N.C. Supreme Court race could shift partisan balance

N.C. Supreme Court race could shift partisan balance
October 13
08:00 2016



RALEIGH, N.C.  — The philosophical and political balance of North Carolina’s Supreme Court could shift as voters this fall choose to keep a longtime justice or replace him with a veteran Wake County trial judge.

Associate Justice Bob Edmunds is seeking to stay on the court after winning eight-year terms in 2000 and 2008. His challenger is Superior Court Judge Mike Morgan, who has been hearing cases since the late 1980s. Edmunds and Morgan advanced to the general election as the top vote-getters among four candidates in the June 7 primary, with Edmunds finishing first.

Both highlight their experience and what they call an ability to be fair and impartial.

Morgan, however, is citing recent Supreme Court rulings that favored Republican legislation and Edmunds calling himself a “conservative” on campaign placards as evidence change is needed. Edmunds say backing from county sheriffs, former chief justices and heads of attorney groups that wear all partisan stripes shows he’s doing his job well.

While state Supreme Court elections are officially nonpartisan, four of the seven current justices, including Edmunds, are registered Republicans. Three are registered Democrats, as is Morgan. A Morgan victory would give Democrats a majority on the court for the first time since 1998.
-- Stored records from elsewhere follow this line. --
(* For any matroid $L$ on a finite set $U$ and any $S\subseteq U$, the identity map on $U$ is a rank-preserving weak map $L|S\mathbin{\Box} L/S\rightarrow L$; that is, every independent set of $L$ is independent in $L|S\mathbin{\Box} L/S$, and the two matroids have the same rank.
   Context: For a matroid $M$ on $S$ write $\rho_M$ for rank, $\rho(M)=\rho_M(S)$, $\nu_M(A)=|A|-\rho_M(A)$, $\lambda_M(A)=\rho(M)-\rho_M(A)$. For matroids $M$ on $S$ and $N$ on $T$ with $S\cap T=\emptyset$, the free product $M\mathbin{\Box} N$ is the matroid on $S\cup T$ whose independent sets are those $A$ with $A\cap S$ independent in $M$ and $\lambda_M(A\cap S)\geq\nu_N(A\cap T)$. $L|S$ is the restriction to $S$ and $L/S$ the contraction of $S$ (on $U\setminus S$). The identity map is a weak map $L_1\to L_2$ between matroids on the same set if every independent set of $L_2$ is independent in $L_1$. *)

theory Defs
  imports Main
begin

definition matroid :: "'a set \<Rightarrow> ('a set \<Rightarrow> bool) \<Rightarrow> bool" where
  "matroid E indep \<longleftrightarrow>
     finite E \<and>
     (\<forall>I. indep I \<longrightarrow> I \<subseteq> E) \<and>
     indep {} \<and>
     (\<forall>I J. indep J \<and> I \<subseteq> J \<longrightarrow> indep I) \<and>
     (\<forall>I J. indep I \<and> indep J \<and> card I < card J \<longrightarrow>
        (\<exists>x\<in>J - I. indep (insert x I)))"

definition rk :: "('a set \<Rightarrow> bool) \<Rightarrow> 'a set \<Rightarrow> nat" where
  "rk indep A = Max {card I | I. I \<subseteq> A \<and> indep I}"

definition mrank :: "'a set \<Rightarrow> ('a set \<Rightarrow> bool) \<Rightarrow> nat" where
  "mrank E indep = rk indep E"

definition nullity :: "('a set \<Rightarrow> bool) \<Rightarrow> 'a set \<Rightarrow> nat" where
  "nullity indep A = card A - rk indep A"

definition lam :: "'a set \<Rightarrow> ('a set \<Rightarrow> bool) \<Rightarrow> 'a set \<Rightarrow> nat" where
  "lam E indep A = mrank E indep - rk indep A"

definition restr :: "('a set \<Rightarrow> bool) \<Rightarrow> 'a set \<Rightarrow> ('a set \<Rightarrow> bool)" where
  "restr indep S = (\<lambda>I. I \<subseteq> S \<and> indep I)"

definition contr :: "'a set \<Rightarrow> ('a set \<Rightarrow> bool) \<Rightarrow> 'a set \<Rightarrow> ('a set \<Rightarrow> bool)" where
  "contr U indep S = (\<lambda>I. I \<subseteq> U - S \<and> rk indep (I \<union> S) = card I + rk indep S)"

definition free_product ::
  "'a set \<Rightarrow> ('a set \<Rightarrow> bool) \<Rightarrow> 'a set \<Rightarrow> ('a set \<Rightarrow> bool) \<Rightarrow> ('a set \<Rightarrow> bool)" where
  "free_product S indM T indN = (\<lambda>A. A \<subseteq> S \<union> T \<and> indM (A \<inter> S) \<and>
       lam S indM (A \<inter> S) \<ge> nullity indN (A \<inter> T))"

end

theory Submission
  imports Defs
begin

text \<open>Let I be independent in L. Extend I \<inter> S to a basis B of S and augment B from I
  to an independent J with |J| \<ge> |I|. The new elements J - B lie in I - S and are independent
  in L/S, so |I| - \<rho>(S) \<le> \<rho>_{L/S}(I - S); this inequality is exactly the free-product
  condition for I. Conversely every set A independent in the free product satisfies
  |A| \<le> \<rho>(S) + \<rho>_{L/S}(A - S), and the right-hand side is the rank of S together with a
  set independent in L/S, hence at most \<rho>(L).\<close>

text \<open>Just enough structure for rk to be an attained maximum. L/S and the free product are
  only used through this.\<close>

definition indep_family :: "'a set \<Rightarrow> ('a set \<Rightarrow> bool) \<Rightarrow> bool" where
  "indep_family E indep \<longleftrightarrow> finite E \<and> (\<forall>I. indep I \<longrightarrow> I \<subseteq> E) \<and> indep {}"

lemma matroid_indep_family: "matroid E indep \<Longrightarrow> indep_family E indep"
  unfolding matroid_def indep_family_def by blast

lemma indep_family_finite:
  assumes "indep_family E indep" "indep I"
  shows "finite I"
  using assms unfolding indep_family_def by (meson finite_subset)

lemma finite_card_indep_subsets:
  assumes "indep_family E indep"
  shows "finite {card I | I. I \<subseteq> A \<and> indep I}"
proof -
  have "{card I | I. I \<subseteq> A \<and> indep I} \<subseteq> {..card E}"
    using assms unfolding indep_family_def by (auto intro!: card_mono)
  then show ?thesis
    using finite_subset by blast
qed

lemma card_le_rk:
  assumes "indep_family E indep" "I \<subseteq> A" "indep I"
  shows "card I \<le> rk indep A"
  unfolding rk_def using assms by (intro Max_ge[OF finite_card_indep_subsets]) auto

lemma rk_obtains_indep:
  assumes "indep_family E indep"
  obtains I where "I \<subseteq> A" "indep I" "card I = rk indep A"
proof -
  have "{card I | I. I \<subseteq> A \<and> indep I} \<noteq> {}"
    using assms unfolding indep_family_def by blast
  then have "rk indep A \<in> {card I | I. I \<subseteq> A \<and> indep I}"
    unfolding rk_def by (rule Max_in[OF finite_card_indep_subsets[OF assms]])
  then show ?thesis
    using that by auto
qed

lemma rk_le_card:
  assumes "indep_family E indep" "finite A"
  shows "rk indep A \<le> card A"
  using rk_obtains_indep[OF assms(1), of A] assms(2) by (metis card_mono)

lemma rk_mono:
  assumes "indep_family E indep" "A \<subseteq> B"
  shows "rk indep A \<le> rk indep B"
  using rk_obtains_indep[OF assms(1), of A] card_le_rk[OF assms(1)] assms(2) by (metis order_trans)

lemma rk_indep:
  assumes "indep_family E indep" "indep I"
  shows "rk indep I = card I"
  using card_le_rk[OF assms(1) order_refl assms(2)] rk_le_card[OF assms(1)]
    indep_family_finite[OF assms] by (simp add: le_antisym)

lemma rk_le_rk_if_indep_imp:
  assumes "indep_family E indep\<^sub>1" "indep_family E indep\<^sub>2" "\<And>I. indep\<^sub>1 I \<Longrightarrow> indep\<^sub>2 I"
  shows "rk indep\<^sub>1 A \<le> rk indep\<^sub>2 A"
  using rk_obtains_indep[OF assms(1), of A] card_le_rk[OF assms(2)] assms(3) by metis

lemma rk_Un_le:
  assumes "matroid E indep"
  shows "rk indep (A \<union> B) \<le> rk indep A + rk indep B"
proof -
  have fam: "indep_family E indep"
    using matroid_indep_family[OF assms] .
  have down: "indep J \<Longrightarrow> I \<subseteq> J \<Longrightarrow> indep I" for I J
    using assms unfolding matroid_def by blast
  obtain K where K: "K \<subseteq> A \<union> B" "indep K" "card K = rk indep (A \<union> B)"
    using rk_obtains_indep[OF fam] by blast
  have "card K \<le> card (K \<inter> A) + card (K - A)"
    by (metis Int_Diff_Un card_Un_le)
  also have "\<dots> \<le> rk indep A + rk indep B"
    using card_le_rk[OF fam, of "K \<inter> A" A] card_le_rk[OF fam, of "K - A" B] K down
    by (intro add_mono) blast+
  finally show ?thesis
    using K by simp
qed

lemma matroid_augment:
  assumes "matroid E indep" "indep B" "indep I"
  obtains J where "indep J" "B \<subseteq> J" "J \<subseteq> B \<union> I" "card I \<le> card J"
proof -
  have fam: "indep_family E indep"
    using matroid_indep_family[OF assms(1)] .
  let ?P = "\<lambda>J. indep J \<and> B \<subseteq> J \<and> J \<subseteq> B \<union> I"
  have "\<forall>J. ?P J \<longrightarrow> card J < Suc (card E)"
    using fam unfolding indep_family_def by (meson card_mono le_imp_less_Suc)
  then obtain J where J: "?P J" and J_max: "\<And>J'. ?P J' \<Longrightarrow> card J' \<le> card J"
    using ex_has_greatest_nat[of ?P B card "Suc (card E)"] assms(2) by blast
  have "card I \<le> card J"
  proof (rule ccontr)
    assume "\<not> card I \<le> card J"
    then obtain x where x: "x \<in> I - J" "indep (insert x J)"
      using assms(1,3) J unfolding matroid_def by (meson not_le)
    then have "card (insert x J) = Suc (card J)"
      using indep_family_finite[OF fam] J by simp
    moreover have "?P (insert x J)"
      using x J by auto
    ultimately show False
      using J_max by fastforce
  qed
  then show ?thesis
    using that J by blast
qed

lemma matroid_extend_to_basis:
  assumes "matroid E indep" "indep X" "X \<subseteq> S"
  obtains B where "indep B" "X \<subseteq> B" "B \<subseteq> S" "card B = rk indep S"
proof -
  have fam: "indep_family E indep"
    using matroid_indep_family[OF assms(1)] .
  obtain B\<^sub>0 where B\<^sub>0: "B\<^sub>0 \<subseteq> S" "indep B\<^sub>0" "card B\<^sub>0 = rk indep S"
    using rk_obtains_indep[OF fam] by blast
  obtain B where B: "indep B" "X \<subseteq> B" "B \<subseteq> X \<union> B\<^sub>0" "card B\<^sub>0 \<le> card B"
    using matroid_augment[OF assms(1,2) B\<^sub>0(2)] by blast
  have "B \<subseteq> S"
    using B(3) B\<^sub>0(1) assms(3) by blast
  moreover have "card B = rk indep S"
    using card_le_rk[OF fam \<open>B \<subseteq> S\<close> B(1)] B(4) B\<^sub>0(3) by linarith
  ultimately show ?thesis
    using that B by blast
qed

lemma rk_restr:
  assumes "X \<subseteq> S"
  shows "rk (restr indep S) X = rk indep X"
proof -
  have "{card I | I. I \<subseteq> X \<and> restr indep S I} = {card I | I. I \<subseteq> X \<and> indep I}"
    using assms unfolding restr_def by blast
  then show ?thesis
    unfolding rk_def by simp
qed

lemma indep_family_restr:
  assumes "indep_family E indep" "S \<subseteq> E"
  shows "indep_family S (restr indep S)"
  using assms unfolding indep_family_def restr_def by (auto intro: finite_subset)

lemma indep_family_contr:
  assumes "finite E"
  shows "indep_family (E - S) (contr E indep S)"
  using assms unfolding indep_family_def contr_def by auto

lemma free_product_iff:
  assumes M: "indep_family S indM" and N: "indep_family T indN" and "S \<inter> T = {}"
  shows "free_product S indM T indN A \<longleftrightarrow>
    A \<subseteq> S \<union> T \<and> indM (A \<inter> S) \<and> card A \<le> mrank S indM + rk indN (A \<inter> T)"
proof (cases "A \<subseteq> S \<union> T \<and> indM (A \<inter> S)")
  case True
  have "finite (A \<inter> S)" "finite (A \<inter> T)"
    using M N unfolding indep_family_def by auto
  moreover have "A = (A \<inter> S) \<union> (A \<inter> T)"
    using True by blast
  ultimately have "card A = card (A \<inter> S) + card (A \<inter> T)"
    using assms(3) by (metis card_Un_disjoint inf_assoc inf_bot_right inf_left_commute)
  moreover have "rk indM (A \<inter> S) = card (A \<inter> S)"
    using rk_indep[OF M] True by blast
  moreover have "card (A \<inter> S) \<le> mrank S indM"
    unfolding mrank_def using card_le_rk[OF M _ conjunct2[OF True]] by blast
  moreover have "rk indN (A \<inter> T) \<le> card (A \<inter> T)"
    using rk_le_card[OF N] \<open>finite (A \<inter> T)\<close> .
  ultimately have "card (A \<inter> T) - rk indN (A \<inter> T) \<le> mrank S indM - rk indM (A \<inter> S)
      \<longleftrightarrow> card A \<le> mrank S indM + rk indN (A \<inter> T)"
    by linarith
  then show ?thesis
    unfolding free_product_def lam_def nullity_def using True by simp
qed (auto simp: free_product_def)

lemma indep_family_free_product:
  assumes "indep_family S indM" "indep_family T indN" "S \<inter> T = {}"
  shows "indep_family (S \<union> T) (free_product S indM T indN)"
  using assms unfolding free_product_iff[OF assms] by (simp add: indep_family_def)

lemma free_product_restr_contr_iff:
  assumes L: "indep_family U indL" and "S \<subseteq> U"
  shows "free_product S (restr indL S) (U - S) (contr U indL S) A \<longleftrightarrow>
    A \<subseteq> U \<and> indL (A \<inter> S) \<and> card A \<le> rk indL S + rk (contr U indL S) (A - S)"
proof -
  have U: "S \<union> (U - S) = U" "finite U" "S \<inter> (U - S) = {}"
    using assms unfolding indep_family_def by auto
  have "mrank S (restr indL S) = rk indL S"
    unfolding mrank_def by (simp add: rk_restr)
  moreover have "A \<subseteq> U \<Longrightarrow> A \<inter> (U - S) = A - S"
    by blast
  ultimately show ?thesis
    using free_product_iff[OF indep_family_restr[OF L assms(2)] indep_family_contr[OF U(2)] U(3)]
    unfolding U(1) restr_def by auto
qed

lemma card_le_rk_add_rk_contr:
  assumes L: "matroid U indL" and I: "indL I"
  shows "card I \<le> rk indL S + rk (contr U indL S) (I - S)"
proof -
  have fam: "indep_family U indL"
    using matroid_indep_family[OF L] .
  then have "finite U" "I \<subseteq> U"
    using I unfolding indep_family_def by auto
  have "indL (I \<inter> S)"
    using L I unfolding matroid_def by blast
  then obtain B where B: "indL B" "I \<inter> S \<subseteq> B" "B \<subseteq> S" "card B = rk indL S"
    using matroid_extend_to_basis[OF L] by blast
  obtain J where J: "indL J" "B \<subseteq> J" "J \<subseteq> B \<union> I" "card I \<le> card J"
    using matroid_augment[OF L B(1) I] by blast
  define Z where "Z = J - B"
  have Z_sub: "Z \<subseteq> I - S"
    using B(2) J(3) unfolding Z_def by blast
  have "finite J"
    using indep_family_finite[OF fam J(1)] .
  then have card_J: "card J = card B + card Z"
    unfolding Z_def using J(2) card_Diff_subset[of B J] card_mono[of J B]
    by (simp add: finite_subset)
  have "contr U indL S Z"
    unfolding contr_def
  proof
    show "Z \<subseteq> U - S"
      using Z_sub \<open>I \<subseteq> U\<close> by blast
    have "card J \<le> rk indL (Z \<union> S)"
      using B(3) unfolding Z_def by (intro card_le_rk[OF fam _ J(1)]) blast
    moreover have "rk indL (Z \<union> S) \<le> card Z + rk indL S"
      using rk_Un_le[OF L, of Z S] rk_le_card[OF fam, of Z] \<open>finite J\<close>
      unfolding Z_def by simp
    ultimately show "rk indL (Z \<union> S) = card Z + rk indL S"
      using card_J B(4) by linarith
  qed
  then have "card Z \<le> rk (contr U indL S) (I - S)"
    by (rule card_le_rk[OF indep_family_contr[OF \<open>finite U\<close>] Z_sub])
  then show ?thesis
    using card_J B(4) J(4) by linarith
qed

lemma rk_contr_add_rk_le:
  assumes "indep_family U indL"
  shows "rk (contr U indL S) Y + rk indL S \<le> rk indL (Y \<union> S)"
proof -
  have "finite U"
    using assms unfolding indep_family_def by blast
  then obtain Z where Z: "Z \<subseteq> Y" "contr U indL S Z" "card Z = rk (contr U indL S) Y"
    by (rule rk_obtains_indep[OF indep_family_contr])
  have "rk (contr U indL S) Y + rk indL S = rk indL (Z \<union> S)"
    using Z(2,3) unfolding contr_def by linarith
  also have "\<dots> \<le> rk indL (Y \<union> S)"
    using Z(1) by (intro rk_mono[OF assms]) blast
  finally show ?thesis .
qed

theorem proposition4p2:
  fixes U S :: "'a set" and indL :: "'a set \<Rightarrow> bool"
  assumes "matroid U indL" and "S \<subseteq> U"
  shows "(\<forall>I. indL I \<longrightarrow> free_product S (restr indL S) (U - S) (contr U indL S) I)
       \<and> mrank U (free_product S (restr indL S) (U - S) (contr U indL S)) = mrank U indL"
proof -
  let ?N = "contr U indL S"
  let ?F = "free_product S (restr indL S) (U - S) ?N"
  have L: "indep_family U indL"
    using matroid_indep_family[OF assms(1)] .
  have "finite U" "S \<union> (U - S) = U"
    using L assms(2) unfolding indep_family_def by auto
  then have F: "indep_family U ?F"
    using indep_family_free_product[OF indep_family_restr[OF L assms(2)]
        indep_family_contr Diff_disjoint] by metis
  have weak_map: "?F I" if "indL I" for I
  proof -
    have "I \<subseteq> U" "indL (I \<inter> S)"
      using that assms(1) unfolding matroid_def by blast+
    then show ?thesis
      using card_le_rk_add_rk_contr[OF assms(1) that] free_product_restr_contr_iff[OF L assms(2)]
      by blast
  qed
  obtain A where A: "A \<subseteq> U" "?F A" "card A = rk ?F U"
    using rk_obtains_indep[OF F] by blast
  have "rk ?F U \<le> rk indL S + rk ?N (A - S)"
    using A free_product_restr_contr_iff[OF L assms(2)] by simp
  also have "\<dots> \<le> rk indL (A - S \<union> S)"
    using rk_contr_add_rk_le[OF L, of S "A - S"] by linarith
  also have "\<dots> \<le> rk indL U"
    using A(1) assms(2) by (intro rk_mono[OF L]) blast
  finally have "rk ?F U \<le> rk indL U" .
  moreover have "rk indL U \<le> rk ?F U"
    using rk_le_rk_if_indep_imp[OF L F] weak_map .
  ultimately show ?thesis
    using weak_map unfolding mrank_def by simp
qed

end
Most opinions of the court are unanimous, or divisions don’t fall along party affiliations. Still, some recent opinions addressing legislation approved by Republicans at the General Assembly highlight the partisan split. The Republican justices have backed majority opinions over the past two years upholding legislative and congressional districts and the use of taxpayer money as scholarships for K-12 students to attend private or religious schools. Morgan argues Edmunds has contributed to the “politicization” of a court that is supposed to use its constitutional authority to keeps checks and balances on other branches of government.
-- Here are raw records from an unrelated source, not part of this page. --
lemma time_derivative_step:
  assumes S: "finite S" "B (r + L + s) \<subseteq> S" and L: "0 < L"
    and eq: "\<And>x. b x - a x = laplacian E w m b x"
  shows "(\<Sum>x\<in>S. m x * (cutoff r L x)\<^sup>2 * (b x - a x)\<^sup>2)
    \<le> (cutoff_energy S r L a - cutoff_energy S r L b) / 2 + dirichlet_energy S (r + L + s) b / L\<^sup>2"
proof -
  define \<phi> where "\<phi> = cutoff r L"
  define v where "v x = b x - a x" for x
  define h where "h x = (\<phi> x)\<^sup>2 * (v x)\<^sup>2" for x
  define H where "H = (\<Sum>x\<in>S. m x * (\<phi> x)\<^sup>2 * (v x)\<^sup>2)"
  define X where "X = edge_sum S (\<lambda>x y. ((\<phi> y)\<^sup>2 * v y - (\<phi> x)\<^sup>2 * v x) * (b y - b x))"
  have \<phi>_nonneg: "0 \<le> \<phi> x" for x
    unfolding \<phi>_def by (rule cutoff_nonneg)
  have "H = (\<Sum>x\<in>S. (\<phi> x)\<^sup>2 * v x * (m x * laplacian E w m b x))"
    unfolding H_def by (intro sum.cong refl) (simp add: v_def eq[symmetric] power2_eq_square algebra_simps)
  then have H: "H = - X / 2"
    using green_cutoff[OF S L, of v b] by (simp add: \<phi>_def X_def)
  have "edge_sum S (\<lambda>x y. 1 / 2 * (\<phi> x * \<phi> y * (b y - b x)\<^sup>2) - 1 / 2 * (\<phi> x * \<phi> y * (a y - a x)\<^sup>2)
      - L\<^sup>2 / 2 * ((\<phi> y - \<phi> x)\<^sup>2 * (h x + h y))
      - 1 / L\<^sup>2 * (if x \<in> B (r + L + s) then (b y - b x)\<^sup>2 else 0)) \<le> X"
    unfolding X_def
  proof (rule edge_sum_mono)
    fix x y assume "E x y"
    have "(if \<phi> y = \<phi> x then 0 else (b y - b x)\<^sup>2 / L\<^sup>2)
        \<le> 1 / L\<^sup>2 * (if x \<in> B (r + L + s) then (b y - b x)\<^sup>2 else 0)"
      using cutoff_edge[OF L \<open>E x y\<close>, of r] by (auto simp: \<phi>_def)
    then show "1 / 2 * (\<phi> x * \<phi> y * (b y - b x)\<^sup>2) - 1 / 2 * (\<phi> x * \<phi> y * (a y - a x)\<^sup>2)
        - L\<^sup>2 / 2 * ((\<phi> y - \<phi> x)\<^sup>2 * (h x + h y))
        - 1 / L\<^sup>2 * (if x \<in> B (r + L + s) then (b y - b x)\<^sup>2 else 0)
      \<le> ((\<phi> y)\<^sup>2 * v y - (\<phi> x)\<^sup>2 * v x) * (b y - b x)"
      using product_rule_time_derivative_ineq[where fx = "\<phi> x" and fy = "\<phi> y" and ax = "a x"
          and ay = "a y" and bx = "b x" and by' = "b y" and L = L, OF \<phi>_nonneg \<phi>_nonneg L]
      unfolding h_def v_def by linarith
  qed
  moreover have "L\<^sup>2 / 2 * edge_sum S (\<lambda>x y. (\<phi> y - \<phi> x)\<^sup>2 * (h x + h y)) \<le> H"
  proof -
    have "edge_sum S (\<lambda>x y. (\<phi> y - \<phi> x)\<^sup>2 * (h x + h y)) \<le> 2 / L\<^sup>2 * H"
      using edge_sum_lipschitz_sym_le[OF S(1) L cutoff_lipschitz[OF L], of h]
      unfolding H_def h_def \<phi>_def by (simp add: mult_ac)
    then show ?thesis
      using L mult_left_mono[of _ "2 / L\<^sup>2 * H" "L\<^sup>2 / 2"] by simp
  qed
  ultimately have "H \<le> (cutoff_energy S r L a - cutoff_energy S r L b) / 2 + dirichlet_energy S (r + L + s) b / L\<^sup>2"
    unfolding H cutoff_energy_def dirichlet_energy_def edge_sum_diff edge_sum_cmult \<phi>_def
    by (simp add: field_simps)
  then show ?thesis
    unfolding H_def v_def \<phi>_def .
qed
“My lens will be clear. It will not be shaded in any political direction,” Morgan said, adding that Edmunds’ conservative designation in the campaign “shows a political orientation and a political bent.”

Edmunds said that’s not true. In a recent televised forum with Morgan, Edmunds argued “conservative” refers to his judicial philosophy of following the rule of law and deferring to previous court decisions. The justice also cited opinions where the entire Supreme Court has agreed that the General Assembly overstepped its powers, though legislative appointments to the state’s now-defunct coal ash commission and taking away tenure rights promised to public school teachers who had already earned them.

“People are satisfied that I’m a judge that makes decisions based on the law and the facts,” Edmunds said in an interview, suggesting later that Morgan is the one trying to make the campaign partisan. “I am not trying to inject politics into this race.”

Morgan, 60, previously worked as an assistant state attorney general before being appointed as an administrative law judge in 1989. He became a District Court judge in 1994 and moved to Superior Court in 2005, winning elections for both.

Morgan has been the presiding judge in a law-suit challenging a 2013 law requiring photo identification to vote. A trial was expected to begin last month but Morgan put it on hold after federal judges struck down the law over the summer. A conservative group questioned whether Morgan should have removed himself from the case, given the upcoming election. Morgan said he would continue to preside, citing a judicial ethics official’s correspondence finding no conflict.

Edmunds is a former assistant state and federal prosecutor and U.S. attorney for central North Carolina who was elected to the intermediate-level state Court of Appeals in 1998. At 67, Edmunds would not be able to complete an additional eight-year term if he’s elected next month because state law requires a mandatory retirement for judges at 72. The governor at the time would appoint a replacement.